The folder contains:
audio.mp3 by default
cleaned.txt with the final spoken transcript
manifest.json with source, voice, nuance, chunking, and retry metadata
- runtime expectations in both the wrapper output JSON and the status stream
- fallback chunk-split metadata when a large chunk had to be retried in smaller pieces
Use --format wav when MP3 conversion is not wanted.
Gotchas
- Gemini TTS returns PCM, not MP3: The Gemini API returns base64 PCM audio. This skill converts it locally with
ffmpeg, so missing ffmpeg is a hard stop for the default MP3 path.
- Gemini 3.1 Flash TTS can throw transient
500 errors: Google documents rare cases where the model emits text tokens instead of audio tokens. The wrapper retries transient failures with backoff.

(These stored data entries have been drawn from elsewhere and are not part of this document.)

(* For an integer $n\ge 0$ let $\Omega_n$ be the set of integer pairs $(p,q)$ with $0\le p\le n$, $0\le q\le n$, $(p,q)\ne(n,n)$, and let $\mathcal A_n$ be the linear span (over $\mathbb C$) of the rational functions $\frac{z^p\,\overline z^{\,q}}{(z-\overline z)^n}$, $(p,q)\in\Omega_n$, regarded as functions on the upper half-plane $\Lambda=\{z:\operatorname{Im}z>0\}$. Let $\mathcal A=\sum_{n\ge0}\mathcal A_n$. Consider the six operators $$\frac{\partial}{\partial z},\quad z\frac{\partial}{\partial z},\quad z^2\frac{\partial}{\partial z},\quad \frac{\partial}{\partial \overline z},\quad \overline z\frac{\partial}{\partial \overline z},\quad \overline z^{\,2}\frac{\partial}{\partial \overline z}.$$ Then: (a) $\mathcal A$ is invariant under each of these six operators; (b) the function $\frac{1}{z-\overline z}$ is cyclic in $\mathcal A$ for this family, i.e. the linear span of all functions obtained by applying finite products of these six operators (including the empty product) to $\frac1{z-\overline z}$ is equal to $\mathcal A$.
   Context: $\frac{\partial}{\partial z}$, $\frac{\partial}{\partial\overline z}$ are the Wirtinger derivatives, $z$ and $\overline z$ are treated as independent variables in these rational functions. *)

theory Defs
  imports "HOL-Analysis.Analysis"
begin

text \<open>Functions of the two independent variables z and w (w plays the role of conj z),
  considered on the domain Im z > 0, Im w < 0 (i.e. z in the upper half-plane, w = conj z
  in the lower half-plane); all functions are set to 0 outside this domain.\<close>

type_synonym cfun2 = "complex \<Rightarrow> complex \<Rightarrow> complex"

definition dom2 :: "complex \<Rightarrow> complex \<Rightarrow> bool" where
  "dom2 z w \<longleftrightarrow> Im z > 0 \<and> Im w < 0"

definition restr :: "cfun2 \<Rightarrow> cfun2" where
  "restr f = (\<lambda>z w. if dom2 z w then f z w else 0)"

definition cspan2 :: "cfun2 set \<Rightarrow> cfun2 set" where
  "cspan2 X = {f. \<exists>S c. finite S \<and> S \<subseteq> X \<and> f = (\<lambda>z w. \<Sum>g\<in>S. c g * g z w)}"

definition Omega :: "nat \<Rightarrow> (nat \<times> nat) set" where
  "Omega n = {(p, q). p \<le> n \<and> q \<le> n \<and> (p, q) \<noteq> (n, n)}"

definition basis_fun :: "nat \<Rightarrow> nat \<Rightarrow> nat \<Rightarrow> cfun2" where
  "basis_fun n p q = restr (\<lambda>z w. z ^ p * w ^ q / (z - w) ^ n)"

definition A_n :: "nat \<Rightarrow> cfun2 set" where
  "A_n n = cspan2 ((\<lambda>(p, q). basis_fun n p q) ` Omega n)"

definition A_all :: "cfun2 set" where
  "A_all = {f. \<exists>N g. finite N \<and> (\<forall>n\<in>N. g n \<in> A_n n) \<and> f = (\<lambda>z w. \<Sum>n\<in>N. g n z w)}"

- Vague prompts can get rejected or spoken aloud: The wrapper uses an explicit "synthesize speech only" preamble and a labeled
TRANSCRIPT section so instructions do not become narration.

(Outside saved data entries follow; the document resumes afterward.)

lemma increasing_map_tree_iff:
  "strict_mono_on (set_tree T) f \<Longrightarrow> increasing (map_tree f T) \<longleftrightarrow> increasing T"
proof (induction T)
  case (Node l v r)
  have "f v < f u \<longleftrightarrow> v < u" if "u \<in> set_tree l \<union> set_tree r" for u
    using Node.prems that by (intro strict_mono_on_less) auto
  moreover have "strict_mono_on (set_tree l) f" "strict_mono_on (set_tree r) f"
    using Node.prems by (auto intro: monotone_on_subset)
  ultimately show ?case
    using Node.IH by (auto simp: tree.set_map)
qed simp

lemma maxlab_Leaf [simp]: "maxlab Leaf = 0"
  by (simp add: maxlab_def)

lemma maxlab_in_set_tree: "T \<noteq> Leaf \<Longrightarrow> maxlab T \<in> set_tree T"
  by (simp add: maxlab_def)

lemma maxlab_le_iff: "maxlab T \<le> b \<longleftrightarrow> (\<forall>a \<in> set_tree T. a \<le> b)"
  by (simp add: maxlab_def)

lemma le_maxlab: "a \<in> set_tree T \<Longrightarrow> a \<le> maxlab T"
  by (auto simp: maxlab_def)

lemma maxlab_map_tree:
  "strict_mono_on (set_tree T) f \<Longrightarrow> T \<noteq> Leaf \<Longrightarrow> maxlab (map_tree f T) = f (maxlab T)"
  by (simp add: maxlab_def tree.set_map Max_image_strict_mono_on)
(* Let $\sigma\ge0$, $\gamma>0$, $V=\sqrt{1+\sigma}$, let $(n^\varepsilon,u^\varepsilon,\phi^\varepsilon)$ be the solitary wave solution and $\widetilde N_\varepsilon(\xi)=\frac{n^\varepsilon(\xi)-1}{\varepsilon}$. There exist positive constants $\varepsilon_0$ and $\delta_1$ such that for each $0<\delta<\delta_1$ there exists $\xi_\delta>0$ with \[ 0<\widetilde N_\varepsilon(\xi)\le\delta\qquad\text{for all }\xi\ge\xi_\delta\text{ and all }0<\varepsilon<\varepsilon_0. \] Here $\delta_1,\delta,\xi_\delta$ are independent of $\varepsilon$ and $\xi$.
   Context: For $\varepsilon>0$, consider the system in $\xi\in\mathbb{R}$: $-(V+\gamma\varepsilon)n'+(nu)'=0$, $-(V+\gamma\varepsilon)u'+uu'+\sigma n'/n=-\phi'$, $\varepsilon\phi''=e^\phi-n$, with $n\to1,u\to0,\phi\to0$ as $|\xi|\to\infty$. With $V=\sqrt{1+\sigma}$, for all sufficiently small $\varepsilon>0$ it has a non-trivial smooth solution unique up to translation; the "solitary wave solution" $(n^\varepsilon,u^\varepsilon,\phi^\varepsilon)$ is the translate that is even in $\xi$ and has all components strictly decreasing on $(0,\infty)$. *)

theory Defs
  imports "HOL-Analysis.Analysis"
begin

definition smooth_real :: "(real \<Rightarrow> real) \<Rightarrow> bool" where
  "smooth_real f \<longleftrightarrow> (\<forall>k x. ((deriv ^^ k) f) differentiable (at x))"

- Voice and prompt can clash: Google warns that strong speaker mismatches can sound wrong. When the user asks for a very specific persona, make sure the selected voice and nuance point in the same direction.
- HTML extraction is best-effort: Blog chrome, nav text, or legal footer text can still leak through on messy pages. If the cleaned preview looks wrong, stop and ask for a narrower source.

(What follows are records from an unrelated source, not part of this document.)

lemma initial_residual_inner_direction:
  "i \<le> m \<Longrightarrow> r 0 \<bullet> p i = - (norm (r i))\<^sup>2"
proof (induction i)
  case 0
  show ?case using p0 by (simp add: power2_norm_eq_inner)
next
  case (Suc i)
  then have i: "i < m" by simp
  have "r (Suc i) \<bullet> r 0 = 0"
    using inner_residual_of_inner_directions[of 0 "r (Suc i)"] cg_orthogonality[of "Suc i"] i
    by simp
  then have "r 0 \<bullet> p (Suc i) = ((norm (r (Suc i)))\<^sup>2 / (norm (r i))\<^sup>2) * (r 0 \<bullet> p i)"
    using i by (simp add: direction_step inner_diff_right inner_commute)
  then show ?case using Suc.IH i residual_nonzero[OF i] by simp
qed

lemma initial_residual_inner_step_nonpos:
  assumes "i \<le> m" and "p i \<bullet> Hs (p i) > 0"
  shows "r 0 \<bullet> (step_size i *\<^sub>R p i) \<le> 0"
  using initial_residual_inner_direction[OF assms(1)] assms(2)
  by (simp add: mult_nonneg_nonpos)

lemma initial_residual_inner_iterate_nonpos:
  assumes "eta 0 = 0" and "\<And>i. i < m \<Longrightarrow> eta (Suc i) = eta i + step_size i *\<^sub>R p i"
    and "\<And>i. i < m \<Longrightarrow> p i \<bullet> Hs (p i) > 0"
  shows "i \<le> m \<Longrightarrow> r 0 \<bullet> eta i \<le> 0"
proof (induction i)
  case 0
  show ?case using assms(1) by simp
next
  case (Suc i)
  then have "i < m" by simp
  then show ?case
    using Suc.IH assms(2,3) initial_residual_inner_step_nonpos[of i]
    by (simp add: inner_add_right)
qed

end

lemma search_dir_descent:
  assumes "g \<bullet> s \<le> 0" and "d \<noteq> 0 \<Longrightarrow> d \<bullet> Hs d \<le> 0"
  shows "g \<bullet> search_dir g Hs s d \<le> 0"
proof (cases "d = 0")
  case True
  then show ?thesis using assms(1) by (simp add: search_dir_def)
next
  case False
  then have "g \<bullet> search_dir g Hs s d = g \<bullet> s + (d \<bullet> g)\<^sup>2 / (d \<bullet> Hs d)"
    by (simp add: search_dir_def inner_add_right inner_commute power2_eq_square)
  moreover have "(d \<bullet> g)\<^sup>2 / (d \<bullet> Hs d) \<le> 0"
    using assms(2) False by (simp add: divide_nonneg_nonpos)
  ultimately show ?thesis using assms(1) by simp
qed

lemma mcg_descent:
  fixes g :: "'a::euclidean_space"
  assumes V: "subspace V" and g: "g \<in> V"
    and Hs_maps: "\<And>u. u \<in> V \<Longrightarrow> Hs u \<in> V"
    and Hs_sym: "\<And>u v. u \<in> V \<Longrightarrow> v \<in> V \<Longrightarrow> Hs u \<bullet> v = u \<bullet> Hs v"
    and eps: "0 \<le> eps" and Tc: "0 \<le> Tc"
    and cg: "mcg g Hs eps theta Tc n s d"
  shows "g \<bullet> s \<le> 0" and "d \<noteq> 0 \<Longrightarrow> d \<bullet> Hs d \<le> 0"
proof -
  from cg obtain m p r eta where eta0: "eta 0 = 0" and r0: "r 0 = g" and p0: "p 0 = - g"
    and loop: "\<forall>i<m.
          (p i \<bullet> Hs (p i)) / (norm (p i))\<^sup>2 > eps \<and>
          eta (Suc i) = eta i + ((norm (r i))\<^sup>2 / (p i \<bullet> Hs (p i))) *\<^sub>R p i \<and>
          r (Suc i) = r i + ((norm (r i))\<^sup>2 / (p i \<bullet> Hs (p i))) *\<^sub>R Hs (p i) \<and>
          \<not> (norm (r (Suc i)) \<le> min (norm (r 0) powr theta) Tc) \<and>
          p (Suc i) = - r (Suc i) + ((norm (r (Suc i)))\<^sup>2 / (norm (r i))\<^sup>2) *\<^sub>R p i"
    and stop: "( ((p m \<bullet> Hs (p m)) / (norm (p m))\<^sup>2 \<le> eps \<and>
           (if m = 0 then s = p 0 \<and> d = 0
            else s = eta m \<and>
                 d = (if (p m \<bullet> Hs (p m)) / (norm (p m))\<^sup>2 \<le> - eps then p m else 0)))
       \<or> ((p m \<bullet> Hs (p m)) / (norm (p m))\<^sup>2 > eps \<and>
           s = eta m + ((norm (r m))\<^sup>2 / (p m \<bullet> Hs (p m))) *\<^sub>R p m \<and>
           d = 0))"
    unfolding mcg_def by blast
  have curvature_pos: "p i \<bullet> Hs (p i) > 0" if "(p i \<bullet> Hs (p i)) / (norm (p i))\<^sup>2 > eps" for i
  proof -
    have "(p i \<bullet> Hs (p i)) / (norm (p i))\<^sup>2 > 0" using that eps by linarith
    then show ?thesis by (simp add: zero_less_divide_iff)
  qed
  have residual_nonzero: "r i \<noteq> 0" if "i < m" for i
  proof (cases i)
    case 0
    then show ?thesis using curvature_pos loop that r0 p0 by fastforce
  next
    case (Suc j)
    with that have "j < m" by simp
    with loop have "\<not> norm (r (Suc j)) \<le> min (norm (r 0) powr theta) Tc" by blast
    then show ?thesis using Tc Suc by auto
  qed
  interpret cg_run V Hs p r m
    using V g Hs_maps Hs_sym r0 p0 loop curvature_pos residual_nonzero
    by unfold_locales (auto simp: less_imp_neq[symmetric])
  have iterate: "g \<bullet> eta m \<le> 0"
    using initial_residual_inner_iterate_nonpos[of eta m] eta0 loop curvature_pos r0 by auto
  show "g \<bullet> s \<le> 0"
  proof (cases "(p m \<bullet> Hs (p m)) / (norm (p m))\<^sup>2 \<le> eps")
    case True
    then show ?thesis using stop iterate p0 r0 by (auto split: if_splits)
  next
    case False
    then show ?thesis using stop iterate initial_residual_inner_step_nonpos[of m] curvature_pos r0
      by (auto simp: inner_add_right)
  qed
  show "d \<bullet> Hs d \<le> 0" if "d \<noteq> 0"
  proof -
    from stop that have "(p m \<bullet> Hs (p m)) / (norm (p m))\<^sup>2 \<le> - eps" and "d = p m"
      by (auto split: if_splits)
    moreover from this have "(p m \<bullet> Hs (p m)) / (norm (p m))\<^sup>2 \<le> 0" using eps by linarith
    ultimately show ?thesis using that by (simp add: divide_le_0_iff)
  qed
qed


lemma tproj_in_subspace:
  fixes V :: "'a::euclidean_space set"
  assumes V: "subspace V"
  shows "tproj V v \<in> V"
proof -
  have "span V = V" using V by (simp add: span_eq_iff)
  then obtain y z where y: "y \<in> V" and z: "\<And>w. w \<in> V \<Longrightarrow> z \<bullet> w = 0" and v: "v = y + z"
    using orthogonal_subspace_decomp_exists[of V v] by (metis orthogonal_def)
  have "tproj V v = y"
    unfolding tproj_def
  proof (rule the_equality)
    show "y \<in> V \<and> (\<forall>w\<in>V. (v - y) \<bullet> w = 0)" using y z v by simp
  next
    fix u assume u: "u \<in> V \<and> (\<forall>w\<in>V. (v - u) \<bullet> w = 0)"
    then have "u - y \<in> V" using y V by (simp add: subspace_diff)
    then have "(v - y) \<bullet> (u - y) - (v - u) \<bullet> (u - y) = 0" using u z v by simp
    then have "(u - y) \<bullet> (u - y) = 0" by (simp add: algebra_simps inner_diff_left)
    then show "u = y" by simp
  qed
  with y show ?thesis by simp
qed

lemma model_lower_bound:
  fixes gE :: "'a::euclidean_space"
  assumes "linear Hk" and "onorm Hk \<le> kH" and "norm gE \<le> kg"
  shows "model gE Hk sig xk z \<ge> - kg * norm (z - xk) + (sig - kH) / 2 * (norm (z - xk))\<^sup>2"
proof -
  define y where "y = z - xk"
  have "gE \<bullet> y \<ge> - (kg * norm y)"
  proof -
    have "\<bar>gE \<bullet> y\<bar> \<le> norm gE * norm y" by (rule Cauchy_Schwarz_ineq2)
    also have "\<dots> \<le> kg * norm y" using assms(3) by (simp add: mult_right_mono)
    finally show ?thesis by linarith
  qed
  moreover have "Hk y \<bullet> y \<ge> - (kH * (norm y)\<^sup>2)"
  proof -
    have "\<bar>Hk y \<bullet> y\<bar> \<le> norm (Hk y) * norm y" by (rule Cauchy_Schwarz_ineq2)
    also have "\<dots> \<le> (onorm Hk * norm y) * norm y"
      using onorm[of Hk y] assms(1) by (simp add: linear_conv_bounded_linear mult_right_mono)
    also have "\<dots> \<le> (kH * norm y) * norm y" using assms(2) by (simp add: mult_right_mono)
    finally show ?thesis by (simp add: power2_eq_square)
  qed
  moreover have "model gE Hk sig xk z = gE \<bullet> y + 1/2 * (Hk y \<bullet> y) + sig / 2 * (norm y)\<^sup>2"
    by (simp add: model_def y_def)
  moreover have "(sig - kH) / 2 * (norm y)\<^sup>2 = sig / 2 * (norm y)\<^sup>2 - 1/2 * (kH * (norm y)\<^sup>2)"
    by (simp add: field_simps)
  ultimately show ?thesis unfolding y_def by linarith
qed

lemma le_of_quadratic_nonpos:
  fixes N b c :: real
  assumes "0 \<le> N" and "0 < c" and "0 \<le> b" and "- b * N + c / 2 * N\<^sup>2 \<le> 0"
  shows "N \<le> 2 * b / c"
proof (cases "N = 0")
  case True
  then show ?thesis using assms(2,3) by simp
next
  case False
  with assms(1,4) have "c / 2 * N \<le> b"
    by (simp add: power2_eq_square algebra_simps mult_le_cancel_left_pos)
  then show ?thesis using assms(2) by (simp add: field_simps)
qed

lemma norm_le_of_model_nonpos:
  fixes gE :: "'a::euclidean_space"
  assumes "linear Hk" and "onorm Hk \<le> kH" and "norm gE \<le> kg"
    and "sig > kH" and "model gE Hk sig xk z \<le> 0"
  shows "norm (z - xk) \<le> 2 * kg / (sig - kH)"
proof (rule le_of_quadratic_nonpos)
  show "0 \<le> kg" using assms(3) norm_ge_zero order_trans by blast
  show "- kg * norm (z - xk) + (sig - kH) / 2 * (norm (z - xk))\<^sup>2 \<le> 0"
    using model_lower_bound[OF assms(1-3), where sig = sig and xk = xk and z = z] assms(5)
    by linarith
qed (use assms(4) in auto)

theorem lemma4p7:
  fixes M :: "'a::euclidean_space set" and n :: nat
    and f :: "'a \<Rightarrow> real" and gradf :: "'a \<Rightarrow> 'a" and U :: "'a set"
    and R :: "'a \<Rightarrow> 'a \<Rightarrow> 'a"
    and x :: "nat \<Rightarrow> 'a" and H :: "nat \<Rightarrow> 'a \<Rightarrow> 'a" and \<sigma> :: "nat \<Rightarrow> real"
    and k :: nat and Hess :: "'a \<Rightarrow> 'a" and s d :: 'a and h :: nat
    and \<rho> \<delta> \<alpha>0 Tc \<theta> \<epsilon> \<kappa>g \<kappa>H :: real
  assumes manifold: "\<forall>y\<in>M. subspace (tangent_space M y) \<and> dim (tangent_space M y) = n"
    and U_open: "open U" and U_conv: "convex hull M \<subseteq> U"
    and f_grad: "\<forall>y\<in>U. (f has_derivative (\<lambda>v. gradf y \<bullet> v)) (at y)"
    and R_in: "\<forall>y\<in>M. \<forall>v\<in>tangent_space M y. R y v \<in> M"
    and R_zero: "\<forall>y\<in>M. R y 0 = y"
    and R_deriv: "\<forall>y\<in>M. (R y has_derivative id) (at 0 within tangent_space M y)"
    and x_in: "\<forall>j. x j \<in> M"
    and \<sigma>_pos: "\<forall>j. \<sigma> j > 0"
    and H_sym: "\<forall>j. linear (H j) \<and> (\<forall>u v. H j u \<bullet> v = u \<bullet> H j v)"
    and params: "0 < \<rho>" "\<rho> < 1" "0 < \<delta>" "\<delta> < 1" "0 < \<alpha>0" "\<alpha>0 \<le> 1"
                "Tc > 0" "\<theta> > 1" "\<epsilon> \<ge> 0"
    and Hess_maps: "\<forall>u\<in>tangent_space M (x k). Hess u \<in> tangent_space M (x k)"
    and Hess_lin: "\<forall>u\<in>tangent_space M (x k). \<forall>v\<in>tangent_space M (x k). \<forall>a b.
                     Hess (a *\<^sub>R u + b *\<^sub>R v) = a *\<^sub>R Hess u + b *\<^sub>R Hess v"
    and Hess_sym: "\<forall>u\<in>tangent_space M (x k). \<forall>v\<in>tangent_space M (x k).
                     Hess u \<bullet> v = u \<bullet> Hess v"
    and CG: "mcg (tproj (tangent_space M (x k)) (gradf (x k))) Hess \<epsilon> \<theta> Tc n s d"
    and A2: "\<forall>j. norm (gradf (x j)) \<le> \<kappa>g"
    and A3: "\<forall>j. onorm (H j) \<le> \<kappa>H"
    and Armijo:
      "model (gradf (x k)) (H k) (\<sigma> k) (x k)
          (R (x k) ((\<alpha>0 * \<delta> ^ h) *\<^sub>R
             search_dir (tproj (tangent_space M (x k)) (gradf (x k))) Hess s d))
        \<le> \<rho> * (\<alpha>0 * \<delta> ^ h) *
           (tproj (tangent_space M (x k)) (gradf (x k)) \<bullet>
              search_dir (tproj (tangent_space M (x k)) (gradf (x k))) Hess s d)"
  shows "\<sigma> k > \<kappa>H \<Longrightarrow>
    norm (R (x k) ((\<alpha>0 * \<delta> ^ h) *\<^sub>R
             search_dir (tproj (tangent_space M (x k)) (gradf (x k))) Hess s d) - x k)
      \<le> 2 * \<kappa>g / (\<sigma> k - \<kappa>H)"
proof -
  assume \<sigma>k: "\<sigma> k > \<kappa>H"
  define V where "V = tangent_space M (x k)"
  define g where "g = tproj V (gradf (x k))"
  have V: "subspace V" using manifold x_in by (simp add: V_def)
  have g: "g \<in> V" unfolding g_def using V by (rule tproj_in_subspace)
  have Hess_V: "\<And>u. u \<in> V \<Longrightarrow> Hess u \<in> V"
    and Hess_V_sym: "\<And>u v. u \<in> V \<Longrightarrow> v \<in> V \<Longrightarrow> Hess u \<bullet> v = u \<bullet> Hess v"
    using Hess_maps Hess_sym by (auto simp: V_def)
  have cg: "mcg g Hess \<epsilon> \<theta> Tc n s d" using CG by (simp add: g_def V_def)
  have "g \<bullet> search_dir g Hess s d \<le> 0"
    using mcg_descent[OF V g Hess_V Hess_V_sym params(9) less_imp_le[OF params(7)] cg]
    by (rule search_dir_descent)
  moreover have "0 \<le> \<rho> * (\<alpha>0 * \<delta> ^ h)" using params by simp
  ultimately have "model (gradf (x k)) (H k) (\<sigma> k) (x k)
          (R (x k) ((\<alpha>0 * \<delta> ^ h) *\<^sub>R search_dir g Hess s d)) \<le> 0"
    using Armijo mult_nonneg_nonpos unfolding g_def V_def by fastforce
  then show ?thesis
    using norm_le_of_model_nonpos \<sigma>k H_sym A2 A3 unfolding g_def V_def by blast
qed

- Long silence is not the same as failure: A multi-chunk run can spend a couple of minutes inside Gemini calls and local MP3 conversion. Do not treat every quiet 30-second interval as a problem.
- A single large chunk can still fail transiently: When that happens, the wrapper should split just that chunk into smaller pieces and continue with the same voice, nuance, model, and format instead of forcing a full manual rerun.
Helper Scripts
scripts/audify.py is the production wrapper for URL, file, stdin, and raw text inputs.
scripts/probe_gemini_tts.py runs safe live probes against model discovery and short synthesis.
scripts/test_audify_unit.py covers cleaner, chunking, DOCX extraction, and bail heuristics.
scripts/validate.py checks structure, cross-references, and leftover template placeholders.
scripts/test_skill.py runs structural checks, unit tests, and a live smoke probe when GEMINI_API_KEY is present.